Many parents arrive at the teen years with everything going like clockwork, so why change? What’s been working for more than a decade will surely continue working right up until the day their child leaves home, right? But then they are baffled and confused when their teenager begins to turn their back on the family and all the values they hold dear.
So, what is it that needs to change about you, the parent?
Change Your Aim
Most parents aim at providing everything for their child. However, I am convinced that there are some lessons that teens are not supposed to learn from their parents. Instead they need to begin working out things for themselves. If you guide every step and give your teen every material want and need, he’ll begin expecting that for the rest of his life.
What’s more, giving your teen the answer every time life presents a difficult question may actually get in the way of all they are supposed to learn. And, it spoils the opportunity for them to flex their decision-making muscles. Instead, allow them to think things through. Move from telling them how to think to asking good questions that will help them sort through their choices.
The aim changes from solving all of their problems and meeting all of their needs to allowing them to learn how to solve their own problems (sometimes the hard way), and taking responsibility for meeting their own needs.
The method is to carefully identify what is going on in their world, and target your boundaries to teach them how to respond appropriately. And keep adjusting the boundaries for every “next new thing” comes along, while allowing them to make decisions along the way. They will probably not make the right choice 100% of the time – maybe not even 50% of the time -- but they need the opportunity to learn by doing so.
Change the Underlying Purpose of Your Rules
Move away from ruling your home, to using rules for training your teen to face the real world and building their character. In the early teen years and on through the time they leave home, the focus should be on character-building.

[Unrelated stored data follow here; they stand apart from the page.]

lemma card_lists_shorter_le:
  assumes "finite Q"
  shows "card {xs. set xs \<subseteq> Q \<and> length xs < l} \<le> (card Q + 1) ^ l"
proof (cases l)
  case (Suc k)
  then have "{xs. set xs \<subseteq> Q \<and> length xs < l} = {xs. set xs \<subseteq> Q \<and> length xs \<le> k}"
    by auto
  then show ?thesis
    using card_lists_length_le[OF assms, of k] sum_powers_le_Suc_power[where k = k and q = "card Q"] Suc
    by simp
qed simp

lemma sum_length_lists_ge:
  assumes Q: "finite Q" and A: "finite A" "\<forall>xs\<in>A. set xs \<subseteq> Q"
  shows "real l * (real (card A) - real (card Q + 1) ^ l) \<le> real (\<Sum>xs\<in>A. length xs)"
proof -
  define short where "short = {xs \<in> A. length xs < l}"
  define long where "long = {xs \<in> A. l \<le> length xs}"
  have "short \<subseteq> {xs. set xs \<subseteq> Q \<and> length xs < l}"
    using A by (auto simp: short_def)
  moreover have "finite {xs. set xs \<subseteq> Q \<and> length xs < l}"
    by (rule finite_subset[OF _ finite_lists_length_le[OF Q, of l]]) auto
  ultimately have "card short \<le> (card Q + 1) ^ l"
    using card_mono card_lists_shorter_le[OF Q, of l] by (blast intro: order_trans)
  moreover have "card A = card short + card long"
    using A by (subst card_Un_disjoint[symmetric]) (auto simp: short_def long_def intro: arg_cong[of _ _ card])
  ultimately have "real (card A) \<le> real ((card Q + 1) ^ l + card long)"
    by (simp only: of_nat_le_iff)
  then have "real l * (real (card A) - real (card Q + 1) ^ l) \<le> real l * real (card long)"
    by (intro mult_left_mono) auto
  also have "\<dots> = (\<Sum>xs\<in>long. real l)"
    by simp
  also have "\<dots> \<le> (\<Sum>xs\<in>long. real (length xs))"
    by (rule sum_mono) (simp add: long_def)
  also have "\<dots> \<le> (\<Sum>xs\<in>A. real (length xs))"
    using A by (intro sum_mono2) (auto simp: long_def)
  finally show ?thesis
    by simp
qed

lemma n_ln_n_bound:
  fixes B n :: nat
  assumes B: "2 \<le> B" and n: "4 \<le> n" "B ^ 4 \<le> n"
  defines "l \<equiv> nat \<lfloor>ln (real n) / (2 * ln (real B))\<rfloor>"
  shows "real n * ln (real n) / (8 * ln (real B)) \<le> real l * (real n + 1 - real B ^ l)"
proof -
  define L where "L = ln (real n) / (2 * ln (real B))"
  have lnB: "0 < ln (real B)" using B by simp
  have npos: "0 < real n" using n by simp
  have "ln (real B ^ 4) \<le> ln (real n)"
    using n B by (subst ln_le_cancel_iff) (auto simp flip: of_nat_power)
  then have "4 * ln (real B) \<le> ln (real n)" by (simp add: ln_realpow)
  then have L2: "2 \<le> L" unfolding L_def using lnB by (simp add: field_simps)
  have lL: "real l \<le> L" "L / 2 \<le> real l" unfolding l_def L_def[symmetric] using L2 by linarith+
  have "real B ^ l = exp (real l * ln (real B))" using B by (simp add: exp_of_nat_mult)
  also have "\<dots> \<le> exp (L * ln (real B))" using lL lnB by (simp add: mult_right_mono)
  also have "L * ln (real B) = ln (real n) / 2" unfolding L_def using lnB by (simp add: field_simps)
  also have "exp (ln (real n) / 2) = sqrt (real n)"
    using npos by (simp add: powr_def flip: powr_half_sqrt)
  finally have "real B ^ l \<le> sqrt (real n)" .
  moreover have "2 * sqrt (real n) \<le> real n"
  proof -
    have "2 \<le> sqrt (real n)" using n by (simp add: real_le_rsqrt)
    then have "2 * sqrt (real n) \<le> sqrt (real n) * sqrt (real n)" by (intro mult_right_mono) auto
    then show ?thesis by simp
  qed
  ultimately have "real n / 2 \<le> real n + 1 - real B ^ l" by linarith
  have "real n * ln (real n) / (8 * ln (real B)) = (L / 2) * (real n / 2)"
    unfolding L_def using lnB by (simp add: field_simps)
  also have "\<dots> \<le> real l * (real n + 1 - real B ^ l)"
    using lL \<open>real n / 2 \<le> _\<close> L2 npos by (intro mult_mono) auto
  finally show ?thesis .
qed

lemma sum_length_distinct_lists_ge:
  assumes "finite Q" "Q \<noteq> {}" "finite A" "\<forall>xs\<in>A. set xs \<subseteq> Q" "card A = Suc n"
    and "4 \<le> n" "(card Q + 1) ^ 4 \<le> n"
  shows "real n * ln (real n) / (8 * ln (real (card Q + 1))) \<le> real (\<Sum>xs\<in>A. length xs)"
proof -
  define l where "l = nat \<lfloor>ln (real n) / (2 * ln (real (card Q + 1)))\<rfloor>"
  have "2 \<le> card Q + 1" using assms(1,2) by (simp add: Suc_leI card_gt_0_iff)
  then have "real n * ln (real n) / (8 * ln (real (card Q + 1))) \<le> real l * (real n + 1 - real (card Q + 1) ^ l)"
    using n_ln_n_bound[of "card Q + 1" n] assms(6,7) unfolding l_def by simp
  also have "\<dots> \<le> real (\<Sum>xs\<in>A. length xs)"
    using sum_length_lists_ge[OF assms(1,3,4), of l] assms(5) by (simp add: ac_simps)
  finally show ?thesis .
qed

lemma running_time_ge_if_crossing_states_distinct:
  assumes wf: "wf_tm M" and distinct: "inj_on (\<lambda>b. crossing_states M x b t) {..n}"
    and "4 \<le> n" "(card (tm_states M) + 1) ^ 4 \<le> n"
  shows "real n * ln (real n) / (8 * ln (real (card (tm_states M) + 1))) \<le> real t"
proof -
  define A where "A = (\<lambda>b. crossing_states M x b t) ` {..n}"
  have states: "finite (tm_states M)" "tm_states M \<noteq> {}"
    using wf by (auto simp: wf_tm_def)
  have "set xs \<subseteq> tm_states M" if "xs \<in> A" for xs
  proof -
    have "set (crossing_states M x b t) \<subseteq> tm_states M" for b
      using run_wf[OF wf] by (induction t) auto
    then show ?thesis using that by (auto simp: A_def)
  qed
  moreover have "card A = Suc n"
    using card_image[OF distinct] by (simp add: A_def)
  ultimately have "real n * ln (real n) / (8 * ln (real (card (tm_states M) + 1))) \<le> real (\<Sum>xs\<in>A. length xs)"
    using sum_length_distinct_lists_ge[OF states, of A n] assms(3,4) by (simp add: A_def)
  also have "(\<Sum>xs\<in>A. length xs) = (\<Sum>b\<le>n. length (crossing_states M x b t))"
    using sum.reindex[OF distinct, of length] by (simp add: A_def)
  also have "\<dots> \<le> t"
    by (rule sum_length_crossing_states_le)
  finally show ?thesis
    by simp
qed

lemma run_head_le_halting_time:
  assumes "wf_tm M" "run_state M x t0 \<in> tm_final M"
  shows "run_head M x t \<le> t0"
proof (cases "t \<le> t0")
  case True
  then show ?thesis using run_head_le_time[OF assms(1), of x t] by simp
next
  case False
  then show ?thesis using run_halted[OF assms(2), of t] run_head_le_time[OF assms(1), of x t0] by simp
qed

lemma crossing_states_inj_if_minimal:
  assumes wf: "wf_tm M" and halted: "run_state M x t0 \<in> tm_final M"
    and "0 < R" and far: "length x + R \<le> run_head M x tX"
    and minimal: "\<And>y t. length y < length x \<Longrightarrow> run_head M y t < length y + R"
  shows "inj_on (\<lambda>b. crossing_states M x b t0) {..length x}"
proof (rule linorder_inj_onI')
  fix b1 b2
  assume b: "b1 \<in> {..length x}" "b2 \<in> {..length x}" "b1 < b2"
  show "crossing_states M x b1 t0 \<noteq> crossing_states M x b2 t0"
  proof
    assume "crossing_states M x b1 t0 = crossing_states M x b2 t0"
    then interpret crossing_cut M x b1 b2 t0
      using wf halted b by unfold_locales auto
    obtain s where "run_head M x_cut s + gap = run_head M x tX"
      using cut_head_reaches[of tX] far \<open>0 < R\<close> b by force
    moreover have "run_head M x_cut s < length x_cut + R"
      by (rule minimal) (use b in simp)
    ultimately show False
      using far b by simp
  qed
qed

The aim is to change the rules that apply to your teenager to focus on setting boundaries and building character, not so much on managing actions.
The method is to develop rules that train your teenager how to think, how to make wise choices, how to keep a commitment, and how to live honestly, respectfully, and obediently. These are the most important character-building qualities you can help them develop.
Change the Way You Listen
I see two extremes in the way parents listen, and neither one is very helpful. The first is a parent who listens in order to react to every word that comes out of their teen’s mouth. The other is a parent who dismisses everything their teen says, and never really listens. Over-listening and ignoring do nothing to prepare your teen to live in the real world.
As difficult as it can be sometimes, I believe it is better to know what a teen is thinking than to not know it. But knowing it doesn’t necessarily mean you have to react or respond immediately. Sometimes a teen is just “thinking out loud” in an attempt to process the difficult things in their world.
If you are guilty of not really listening, you may see your teen baiting you and picking fights just to try to get you to really listen to what’s going on in their life -- at a deeper level.